- Problem to solve
Beginning with the line below that contains "- sgn_powr q" and ending with the line that contains "by (simp add: sgn_powr_def sgn_mult", copy every line exactly. Copy nothing else.

——

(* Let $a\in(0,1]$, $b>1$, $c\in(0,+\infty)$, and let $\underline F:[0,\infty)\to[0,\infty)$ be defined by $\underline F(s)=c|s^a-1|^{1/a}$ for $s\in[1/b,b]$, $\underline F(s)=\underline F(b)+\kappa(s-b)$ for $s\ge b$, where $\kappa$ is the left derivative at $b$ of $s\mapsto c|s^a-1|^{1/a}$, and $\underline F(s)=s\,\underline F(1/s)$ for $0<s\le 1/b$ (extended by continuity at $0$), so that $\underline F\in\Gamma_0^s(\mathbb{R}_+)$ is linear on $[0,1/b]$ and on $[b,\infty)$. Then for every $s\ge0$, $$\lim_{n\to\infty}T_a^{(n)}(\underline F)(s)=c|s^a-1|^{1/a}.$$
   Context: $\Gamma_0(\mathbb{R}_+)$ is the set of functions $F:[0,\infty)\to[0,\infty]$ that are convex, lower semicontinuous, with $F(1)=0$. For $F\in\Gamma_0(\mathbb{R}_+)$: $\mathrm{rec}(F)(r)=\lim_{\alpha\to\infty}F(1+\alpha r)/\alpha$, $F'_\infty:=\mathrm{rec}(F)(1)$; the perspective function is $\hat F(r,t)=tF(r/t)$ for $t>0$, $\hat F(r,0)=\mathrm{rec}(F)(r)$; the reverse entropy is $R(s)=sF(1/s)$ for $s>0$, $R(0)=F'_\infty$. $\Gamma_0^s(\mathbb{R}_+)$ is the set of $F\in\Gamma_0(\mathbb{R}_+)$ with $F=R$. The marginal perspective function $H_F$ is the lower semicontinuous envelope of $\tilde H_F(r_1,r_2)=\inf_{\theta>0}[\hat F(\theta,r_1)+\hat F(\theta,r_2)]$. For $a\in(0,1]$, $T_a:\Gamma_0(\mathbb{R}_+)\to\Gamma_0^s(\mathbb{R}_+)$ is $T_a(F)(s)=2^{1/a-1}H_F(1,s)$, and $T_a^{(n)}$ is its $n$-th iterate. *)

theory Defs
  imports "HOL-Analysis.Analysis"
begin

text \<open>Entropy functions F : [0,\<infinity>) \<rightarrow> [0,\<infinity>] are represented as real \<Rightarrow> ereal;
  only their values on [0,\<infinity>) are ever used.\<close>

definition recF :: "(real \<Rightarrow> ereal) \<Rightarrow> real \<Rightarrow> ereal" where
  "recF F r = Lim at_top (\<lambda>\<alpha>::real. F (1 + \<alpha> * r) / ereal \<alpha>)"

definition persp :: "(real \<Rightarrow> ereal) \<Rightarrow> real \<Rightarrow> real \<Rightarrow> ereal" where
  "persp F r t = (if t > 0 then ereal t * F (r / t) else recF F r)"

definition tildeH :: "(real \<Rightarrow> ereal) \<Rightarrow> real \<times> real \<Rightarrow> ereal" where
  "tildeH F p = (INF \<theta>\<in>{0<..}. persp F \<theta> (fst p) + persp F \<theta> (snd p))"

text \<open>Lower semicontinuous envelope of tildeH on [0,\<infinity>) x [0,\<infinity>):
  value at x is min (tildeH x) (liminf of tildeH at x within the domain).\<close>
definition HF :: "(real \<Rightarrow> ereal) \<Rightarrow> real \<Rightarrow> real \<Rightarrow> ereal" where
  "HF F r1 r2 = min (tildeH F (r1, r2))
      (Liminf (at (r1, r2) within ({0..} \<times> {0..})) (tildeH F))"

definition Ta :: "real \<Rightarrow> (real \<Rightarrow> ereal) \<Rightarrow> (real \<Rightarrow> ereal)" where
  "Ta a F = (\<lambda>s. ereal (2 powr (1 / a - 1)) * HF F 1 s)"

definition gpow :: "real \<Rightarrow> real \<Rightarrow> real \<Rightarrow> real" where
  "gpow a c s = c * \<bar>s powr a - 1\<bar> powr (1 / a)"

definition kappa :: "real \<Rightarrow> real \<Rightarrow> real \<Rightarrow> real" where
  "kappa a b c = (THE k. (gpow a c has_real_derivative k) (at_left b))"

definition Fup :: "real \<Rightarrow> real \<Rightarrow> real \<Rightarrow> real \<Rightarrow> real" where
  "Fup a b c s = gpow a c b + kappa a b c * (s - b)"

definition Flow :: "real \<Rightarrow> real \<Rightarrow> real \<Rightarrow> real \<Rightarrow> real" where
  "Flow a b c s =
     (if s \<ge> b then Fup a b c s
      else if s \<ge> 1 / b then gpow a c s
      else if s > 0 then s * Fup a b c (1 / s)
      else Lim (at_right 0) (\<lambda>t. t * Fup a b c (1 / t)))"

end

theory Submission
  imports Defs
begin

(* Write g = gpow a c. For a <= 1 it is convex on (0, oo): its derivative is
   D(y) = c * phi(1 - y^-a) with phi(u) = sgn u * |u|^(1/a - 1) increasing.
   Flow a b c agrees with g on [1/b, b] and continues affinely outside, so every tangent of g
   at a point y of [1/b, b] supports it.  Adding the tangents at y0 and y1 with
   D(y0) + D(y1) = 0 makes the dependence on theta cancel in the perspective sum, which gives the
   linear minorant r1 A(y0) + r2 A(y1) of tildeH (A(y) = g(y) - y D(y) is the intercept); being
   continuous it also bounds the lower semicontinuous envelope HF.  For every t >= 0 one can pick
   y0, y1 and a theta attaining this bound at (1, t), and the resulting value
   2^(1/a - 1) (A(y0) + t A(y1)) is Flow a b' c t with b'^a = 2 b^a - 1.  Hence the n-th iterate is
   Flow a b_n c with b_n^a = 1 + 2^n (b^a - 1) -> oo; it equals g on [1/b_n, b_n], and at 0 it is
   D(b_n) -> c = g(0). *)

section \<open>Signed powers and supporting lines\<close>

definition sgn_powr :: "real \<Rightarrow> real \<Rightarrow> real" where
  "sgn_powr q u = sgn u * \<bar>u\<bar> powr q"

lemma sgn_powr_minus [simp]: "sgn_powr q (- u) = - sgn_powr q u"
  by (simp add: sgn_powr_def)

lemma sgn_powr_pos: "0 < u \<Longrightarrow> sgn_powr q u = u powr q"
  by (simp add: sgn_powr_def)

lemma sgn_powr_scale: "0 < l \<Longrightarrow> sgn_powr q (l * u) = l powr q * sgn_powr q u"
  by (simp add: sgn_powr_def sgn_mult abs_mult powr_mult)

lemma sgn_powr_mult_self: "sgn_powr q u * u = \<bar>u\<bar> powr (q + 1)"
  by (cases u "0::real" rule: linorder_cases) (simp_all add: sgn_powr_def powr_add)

——

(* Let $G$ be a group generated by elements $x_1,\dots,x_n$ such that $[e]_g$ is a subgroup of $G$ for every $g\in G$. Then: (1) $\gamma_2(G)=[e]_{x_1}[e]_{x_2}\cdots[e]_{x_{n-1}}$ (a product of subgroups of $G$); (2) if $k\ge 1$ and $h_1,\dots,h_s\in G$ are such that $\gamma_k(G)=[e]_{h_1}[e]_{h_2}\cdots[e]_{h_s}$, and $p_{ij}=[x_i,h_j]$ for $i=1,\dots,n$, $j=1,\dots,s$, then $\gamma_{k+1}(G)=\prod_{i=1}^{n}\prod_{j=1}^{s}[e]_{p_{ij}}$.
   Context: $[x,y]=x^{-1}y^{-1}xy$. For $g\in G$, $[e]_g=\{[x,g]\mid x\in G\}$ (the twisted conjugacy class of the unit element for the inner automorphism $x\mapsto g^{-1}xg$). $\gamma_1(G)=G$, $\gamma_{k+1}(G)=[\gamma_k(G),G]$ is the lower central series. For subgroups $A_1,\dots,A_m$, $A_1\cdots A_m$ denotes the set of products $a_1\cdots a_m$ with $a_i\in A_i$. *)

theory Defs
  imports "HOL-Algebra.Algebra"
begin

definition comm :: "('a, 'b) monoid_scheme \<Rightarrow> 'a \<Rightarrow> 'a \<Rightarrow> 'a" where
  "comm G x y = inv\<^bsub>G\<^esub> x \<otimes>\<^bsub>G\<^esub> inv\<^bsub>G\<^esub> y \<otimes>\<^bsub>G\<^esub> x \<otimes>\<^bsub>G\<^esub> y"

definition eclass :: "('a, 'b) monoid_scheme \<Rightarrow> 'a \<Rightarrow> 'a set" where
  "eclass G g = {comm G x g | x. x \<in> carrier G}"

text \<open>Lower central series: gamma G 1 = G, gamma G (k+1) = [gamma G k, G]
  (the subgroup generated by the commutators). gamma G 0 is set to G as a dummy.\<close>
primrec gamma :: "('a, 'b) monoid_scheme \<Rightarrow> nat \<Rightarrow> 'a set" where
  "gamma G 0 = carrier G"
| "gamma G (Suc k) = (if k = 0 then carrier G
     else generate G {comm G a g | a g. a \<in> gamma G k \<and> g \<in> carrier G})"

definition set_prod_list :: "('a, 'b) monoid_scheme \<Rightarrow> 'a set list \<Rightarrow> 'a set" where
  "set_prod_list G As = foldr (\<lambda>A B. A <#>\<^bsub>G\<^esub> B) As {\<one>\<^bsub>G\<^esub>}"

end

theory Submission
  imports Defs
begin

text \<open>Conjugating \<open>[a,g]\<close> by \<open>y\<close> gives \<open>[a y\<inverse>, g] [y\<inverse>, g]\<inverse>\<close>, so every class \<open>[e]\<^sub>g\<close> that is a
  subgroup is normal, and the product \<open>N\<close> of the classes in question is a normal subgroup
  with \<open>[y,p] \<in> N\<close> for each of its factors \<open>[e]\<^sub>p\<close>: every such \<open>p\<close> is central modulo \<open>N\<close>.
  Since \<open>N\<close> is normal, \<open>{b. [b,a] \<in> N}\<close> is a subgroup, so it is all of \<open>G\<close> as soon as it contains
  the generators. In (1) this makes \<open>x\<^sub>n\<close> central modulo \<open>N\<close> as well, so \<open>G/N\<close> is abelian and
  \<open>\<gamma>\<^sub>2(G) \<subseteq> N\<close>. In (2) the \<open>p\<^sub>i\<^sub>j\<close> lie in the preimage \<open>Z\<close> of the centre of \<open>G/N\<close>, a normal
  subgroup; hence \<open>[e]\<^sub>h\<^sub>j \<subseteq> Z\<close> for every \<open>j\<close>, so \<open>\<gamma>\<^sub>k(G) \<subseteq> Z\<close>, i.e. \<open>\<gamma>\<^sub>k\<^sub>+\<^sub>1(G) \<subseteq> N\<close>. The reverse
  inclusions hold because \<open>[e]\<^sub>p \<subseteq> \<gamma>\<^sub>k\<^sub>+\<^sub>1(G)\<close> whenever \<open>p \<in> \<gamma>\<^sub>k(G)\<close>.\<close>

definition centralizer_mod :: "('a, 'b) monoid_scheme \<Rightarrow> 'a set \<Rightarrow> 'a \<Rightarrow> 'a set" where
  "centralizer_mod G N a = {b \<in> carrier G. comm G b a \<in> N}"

——

- Response area
lemma sgn_powr_minus [simp]: "sgn_powr q (- u) = - sgn_powr q u"
  by (simp add: sgn_powr_def)

lemma sgn_powr_pos: "0 < u \<Longrightarrow> sgn_powr q u = u powr q"
  by (simp add: sgn_powr_def)

lemma sgn_powr_scale: "0 < l \<Longrightarrow> sgn_powr q (l * u) = l powr q * sgn_powr q u"
  by (simp add: sgn_powr_def sgn_mult abs_mult powr_mult)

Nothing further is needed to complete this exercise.